╭─ Records for this task

lemma sum_Vstar_event:
  assumes "\<omega> \<in> space M"
  shows "(\<Sum>S\<in>Pow V. f S * indicator (Vstar_event S) \<omega>) = (f (Vstar N \<Lambda> t \<omega>) :: real)"
proof -
  have "(\<Sum>S\<in>Pow V. f S * indicator (Vstar_event S) \<omega>) = (\<Sum>S\<in>Pow V. if S = Vstar N \<Lambda> t \<omega> then f S else 0)"
    using assms by (intro sum.cong) (auto simp: Vstar_event_def)
  then show ?thesis using Vstar_subset by simp
qed

lemma indicator_outer_event_at_Vstar:
  "indicator {\<omega>\<in>space M. \<omega> \<in> outer_event (Vstar N \<Lambda> t \<omega>) (e (Vstar N \<Lambda> t \<omega>))} \<omega>
    = (\<Sum>S\<in>Pow V. indicator (Vstar_event S \<inter> outer_event S (e S)) \<omega> :: real)"
proof (cases "\<omega> \<in> space M")
  case True
  have "(\<Sum>S\<in>Pow V. indicator (Vstar_event S \<inter> outer_event S (e S)) \<omega>)
      = (\<Sum>S\<in>Pow V. indicator (outer_event S (e S)) \<omega> * indicator (Vstar_event S) \<omega> :: real)"
    by (simp add: indicator_inter_arith mult.commute)
  also have "\<dots> = indicator (outer_event (Vstar N \<Lambda> t \<omega>) (e (Vstar N \<Lambda> t \<omega>))) \<omega>"
    using True by (rule sum_Vstar_event)
  finally show ?thesis using True by (simp add: indicator_def)
qed (simp add: Vstar_event_def indicator_def)

lemma cond_exp_outer_event_at_Vstar:
  "AE \<omega> in M. real_cond_exp M (F_stop M N \<Lambda> t)
      (indicator {\<omega>\<in>space M. \<omega> \<in> outer_event (Vstar N \<Lambda> t \<omega>) (e (Vstar N \<Lambda> t \<omega>))}) \<omega>
    = prob (outer_event (Vstar N \<Lambda> t \<omega>) (e (Vstar N \<Lambda> t \<omega>)))"
proof -
  interpret finite_measure_subalgebra M "F_stop M N \<Lambda> t"
    by unfold_locales (rule subalgebra_F_stop)
  let ?X = "\<lambda>S. Vstar_event S \<inter> outer_event S (e S)"
  have "AE \<omega> in M. real_cond_exp M (F_stop M N \<Lambda> t) (\<lambda>\<omega>. \<Sum>S\<in>Pow V. indicator (?X S) \<omega>) \<omega>
      = (\<Sum>S\<in>Pow V. real_cond_exp M (F_stop M N \<Lambda> t) (indicator (?X S)) \<omega>)"
    using Vstar_event_sets outer_event_sets
    by (intro real_cond_exp_sum integrable_real_indicator) (auto simp: less_top[symmetric])
  moreover have "AE \<omega> in M. \<forall>S\<in>Pow V. real_cond_exp M (F_stop M N \<Lambda> t) (indicator (?X S)) \<omega>
      = prob (outer_event S (e S)) * indicator (Vstar_event S) \<omega>"
    by (intro AE_finite_allI cond_exp_Vstar_event_outer_event) auto
  moreover have "AE \<omega> in M. \<omega> \<in> space M"
    by (rule AE_space)
  ultimately show ?thesis
    unfolding indicator_outer_event_at_Vstar
  proof eventually_elim
    case (elim \<omega>)
    then have "real_cond_exp M (F_stop M N \<Lambda> t) (\<lambda>\<omega>. \<Sum>S\<in>Pow V. indicator (?X S) \<omega>) \<omega>
        = (\<Sum>S\<in>Pow V. prob (outer_event S (e S)) * indicator (Vstar_event S) \<omega>)"
      by simp
    also have "\<dots> = prob (outer_event (Vstar N \<Lambda> t \<omega>) (e (Vstar N \<Lambda> t \<omega>)))"
      using elim(3) by (rule sum_Vstar_event)
    finally show ?case .
  qed
qed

╰─

- **Exercise goal**
For this exercise, repeat exactly the lines of the data above from the one with "by (simp add: indicator_inter_arith" down to the one with "case (elim \<omega>)", both end lines included.

- **Response**
    by (simp add: indicator_inter_arith mult.commute)
  also have "\<dots> = indicator (outer_event (Vstar N \<Lambda> t \<omega>) (e (Vstar N \<Lambda> t \<omega>))) \<omega>"
    using True by (rule sum_Vstar_event)
  finally show ?thesis using True by (simp add: indicator_def)
qed (simp add: Vstar_event_def indicator_def)

lemma cond_exp_outer_event_at_Vstar:
  "AE \<omega> in M. real_cond_exp M (F_stop M N \<Lambda> t)
      (indicator {\<omega>\<in>space M. \<omega> \<in> outer_event (Vstar N \<Lambda> t \<omega>) (e (Vstar N \<Lambda> t \<omega>))}) \<omega>
    = prob (outer_event (Vstar N \<Lambda> t \<omega>) (e (Vstar N \<Lambda> t \<omega>)))"
proof -
  interpret finite_measure_subalgebra M "F_stop M N \<Lambda> t"
    by unfold_locales (rule subalgebra_F_stop)
  let ?X = "\<lambda>S. Vstar_event S \<inter> outer_event S (e S)"
  have "AE \<omega> in M. real_cond_exp M (F_stop M N \<Lambda> t) (\<lambda>\<omega>. \<Sum>S\<in>Pow V. indicator (?X S) \<omega>) \<omega>
      = (\<Sum>S\<in>Pow V. real_cond_exp M (F_stop M N \<Lambda> t) (indicator (?X S)) \<omega>)"
    using Vstar_event_sets outer_event_sets
    by (intro real_cond_exp_sum integrable_real_indicator) (auto simp: less_top[symmetric])
  moreover have "AE \<omega> in M. \<forall>S\<in>Pow V. real_cond_exp M (F_stop M N \<Lambda> t) (indicator (?X S)) \<omega>
      = prob (outer_event S (e S)) * indicator (Vstar_event S) \<omega>"
    by (intro AE_finite_allI cond_exp_Vstar_event_outer_event) auto
  moreover have "AE \<omega> in M. \<omega> \<in> space M"
    by (rule AE_space)
  ultimately show ?thesis
    unfolding indicator_outer_event_at_Vstar
  proof eventually_elim
    case (elim \<omega>)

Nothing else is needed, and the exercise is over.